lemma finite_QPSK: "finite QPSK"
  by (simp add: QPSK_image)

lemma card_QPSK: "card QPSK = 4"
proof -
  have "inj_on (\<lambda>(a, b). (a + b * \<i>) / complex_of_real (sqrt 2)) ({-1, 1::complex} \<times> {-1, 1})"
    by (auto simp: inj_on_def complex_eq_iff)
  then show ?thesis
    unfolding QPSK_image by (simp add: card_image card_cartesian_product complex_eq_iff)
qed

lemma qpsk_mats_eq: "qpsk_mats = {S. \<forall>i. S $ i \<in> qpsk_vecs}"
  by (simp add: qpsk_mats_def qpsk_vecs_def)

lemma finite_qpsk_vecs: "finite (qpsk_vecs :: (complex^'d) set)"
  and card_qpsk_vecs: "card (qpsk_vecs :: (complex^'d) set) = 4 ^ CARD('d)"
  using vec_set_finite_card[OF finite_QPSK, where 'n = 'd] by (simp_all add: qpsk_vecs_def card_QPSK)

lemma finite_qpsk_mats: "finite qpsk_mats"
  unfolding qpsk_mats_eq using vec_set_finite_card[OF finite_qpsk_vecs] by blast

lemma card_row_vec_set_fixed_row:
  fixes V :: "('a^'n) set" and i :: "'m::finite"
  assumes "r \<in> V"
  shows "card {A :: 'a^'n^'m. \<forall>k. A $ k \<in> V} = card V * card {A. (\<forall>k. A $ k \<in> V) \<and> A $ i = r}"
proof -
  let ?M = "{A :: 'a^'n^'m. \<forall>k. A $ k \<in> V}"
  let ?R = "{A. (\<forall>k. A $ k \<in> V) \<and> A $ i = r}"
  have "bij_betw (\<lambda>A. (A $ i, replace_row A i r)) ?M (V \<times> ?R)"
    by (rule bij_betw_byWitness[where f' = "\<lambda>(v, A). replace_row A i v"])
      (use assms in \<open>auto simp: vec_eq_iff\<close>)
  then show ?thesis by (simp add: bij_betw_same_card card_cartesian_product)
qed

lemma prob_pmf_of_set_ge_if_diff_subset:
  fixes k :: real
  assumes M: "finite M" "M \<noteq> {}" and B: "B \<subseteq> M" "card M = k * card B" and "M - B \<subseteq> E"
  shows "measure_pmf.prob (pmf_of_set M) E \<ge> 1 - 1 / k"
proof -
  have pos: "0 < card M" using M by (simp add: card_gt_0_iff)
  then have "0 < k * card B" using B(2) by simp
  then have "0 < k" "0 < card B" by (auto simp: zero_less_mult_iff)
  have "card M - card B = card (M - B)" using M B by (simp add: card_Diff_subset finite_subset)
  also have "\<dots> \<le> card (M \<inter> E)" using assms by (intro card_mono) auto
  finally have "real (card M) - card B \<le> card (M \<inter> E)"
    using card_mono[OF M(1) B(1)] by linarith
  moreover have "1 - 1 / k = (real (card M) - card B) / card M"
    using \<open>0 < k\<close> \<open>0 < card B\<close> by (simp add: B(2) field_simps)
  ultimately have "1 - 1 / k \<le> card (M \<inter> E) / card M"
    using pos by (simp add: divide_right_mono)
  then show ?thesis by (simp add: measure_pmf_of_set[OF M(2,1)])
qed

theorem theorem4:
  fixes S_T :: "complex^'t^'u" and u :: 'u and w_D :: "complex^'d"
  assumes "CARD('u) \<le> CARD('t)"
    and "rank S_T = CARD('u)"
    and "w_D \<in> qpsk_vecs"
  shows "measure_pmf.prob (pmf_of_set qpsk_mats) {S_D. eclipsed S_T (S_T $ u) w_D S_D}
           \<ge> 1 - 1 / 4 ^ CARD('d)"
proof -
  let ?M = "qpsk_mats :: (complex^'d^'u) set"
  let ?B = "{S \<in> ?M. S $ u = w_D}"
  have "card ?M = 4 ^ CARD('d) * card ?B"
    using card_row_vec_set_fixed_row[OF assms(3), of u]
    by (simp add: qpsk_mats_eq card_qpsk_vecs conj_commute)
  then have "real (card ?M) = 4 ^ CARD('d) * card ?B" by simp
  moreover have "?M \<noteq> {}"
    using assms(3) by (auto simp: qpsk_mats_eq intro!: exI[of _ "\<chi> i. w_D"])
  moreover have "?M - ?B \<subseteq> {S_D. eclipsed S_T (S_T $ u) w_D S_D}"
    using eclipsed_if_row_ne[OF assms(2,3)] by blast
  ultimately show ?thesis
    using finite_qpsk_mats by (intro prob_pmf_of_set_ge_if_diff_subset) auto
qed

end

··········

Return the whole listing exactly, with every line included.

lemma finite_QPSK: "finite QPSK"
  by (simp add: QPSK_image)

lemma card_QPSK: "card QPSK = 4"
proof -
  have "inj_on (\<lambda>(a, b). (a + b * \<i>) / complex_of_real (sqrt 2)) ({-1, 1::complex} \<times> {-1, 1})"
    by (auto simp: inj_on_def complex_eq_iff)
  then show ?thesis
    unfolding QPSK_image by (simp add: card_image card_cartesian_product complex_eq_iff)
qed

lemma qpsk_mats_eq: "qpsk_mats = {S. \<forall>i. S $ i \<in> qpsk_vecs}"
  by (simp add: qpsk_mats_def qpsk_vecs_def)

lemma finite_qpsk_vecs: "finite (qpsk_vecs :: (complex^'d) set)"
  and card_qpsk_vecs: "card (qpsk_vecs :: (complex^'d) set) = 4 ^ CARD('d)"
  using vec_set_finite_card[OF finite_QPSK, where 'n = 'd] by (simp_all add: qpsk_vecs_def card_QPSK)

lemma finite_qpsk_mats: "finite qpsk_mats"
  unfolding qpsk_mats_eq using vec_set_finite_card[OF finite_qpsk_vecs] by blast

lemma card_row_vec_set_fixed_row:
  fixes V :: "('a^'n) set" and i :: "'m::finite"
  assumes "r \<in> V"
  shows "card {A :: 'a^'n^'m. \<forall>k. A $ k \<in> V} = card V * card {A. (\<forall>k. A $ k \<in> V) \<and> A $ i = r}"
proof -
  let ?M = "{A :: 'a^'n^'m. \<forall>k. A $ k \<in> V}"
  let ?R = "{A. (\<forall>k. A $ k \<in> V) \<and> A $ i = r}"
  have "bij_betw (\<lambda>A. (A $ i, replace_row A i r)) ?M (V \<times> ?R)"
    by (rule bij_betw_byWitness[where f' = "\<lambda>(v, A). replace_row A i v"])
      (use assms in \<open>auto simp: vec_eq_iff\<close>)
  then show ?thesis by (simp add: bij_betw_same_card card_cartesian_product)
qed

lemma prob_pmf_of_set_ge_if_diff_subset:
  fixes k :: real
  assumes M: "finite M" "M \<noteq> {}" and B: "B \<subseteq> M" "card M = k * card B" and "M - B \<subseteq> E"
  shows "measure_pmf.prob (pmf_of_set M) E \<ge> 1 - 1 / k"
proof -
  have pos: "0 < card M" using M by (simp add: card_gt_0_iff)
  then have "0 < k * card B" using B(2) by simp
  then have "0 < k" "0 < card B" by (auto simp: zero_less_mult_iff)
  have "card M - card B = card (M - B)" using M B by (simp add: card_Diff_subset finite_subset)
  also have "\<dots> \<le> card (M \<inter> E)" using assms by (intro card_mono) auto
  finally have "real (card M) - card B \<le> card (M \<inter> E)"
    using card_mono[OF M(1) B(1)] by linarith
  moreover have "1 - 1 / k = (real (card M) - card B) / card M"
    using \<open>0 < k\<close> \<open>0 < card B\<close> by (simp add: B(2) field_simps)
  ultimately have "1 - 1 / k \<le> card (M \<inter> E) / card M"
    using pos by (simp add: divide_right_mono)
  then show ?thesis by (simp add: measure_pmf_of_set[OF M(2,1)])
qed

theorem theorem4:
  fixes S_T :: "complex^'t^'u" and u :: 'u and w_D :: "complex^'d"
  assumes "CARD('u) \<le> CARD('t)"
    and "rank S_T = CARD('u)"
    and "w_D \<in> qpsk_vecs"
  shows "measure_pmf.prob (pmf_of_set qpsk_mats) {S_D. eclipsed S_T (S_T $ u) w_D S_D}
           \<ge> 1 - 1 / 4 ^ CARD('d)"
proof -
  let ?M = "qpsk_mats :: (complex^'d^'u) set"
  let ?B = "{S \<in> ?M. S $ u = w_D}"
  have "card ?M = 4 ^ CARD('d) * card ?B"
    using card_row_vec_set_fixed_row[OF assms(3), of u]
    by (simp add: qpsk_mats_eq card_qpsk_vecs conj_commute)
  then have "real (card ?M) = 4 ^ CARD('d) * card ?B" by simp
  moreover have "?M \<noteq> {}"
    using assms(3) by (auto simp: qpsk_mats_eq intro!: exI[of _ "\<chi> i. w_D"])
  moreover have "?M - ?B \<subseteq> {S_D. eclipsed S_T (S_T $ u) w_D S_D}"
    using eclipsed_if_row_ne[OF assms(2,3)] by blast
  ultimately show ?thesis
    using finite_qpsk_mats by (intro prob_pmf_of_set_ge_if_diff_subset) auto
qed

end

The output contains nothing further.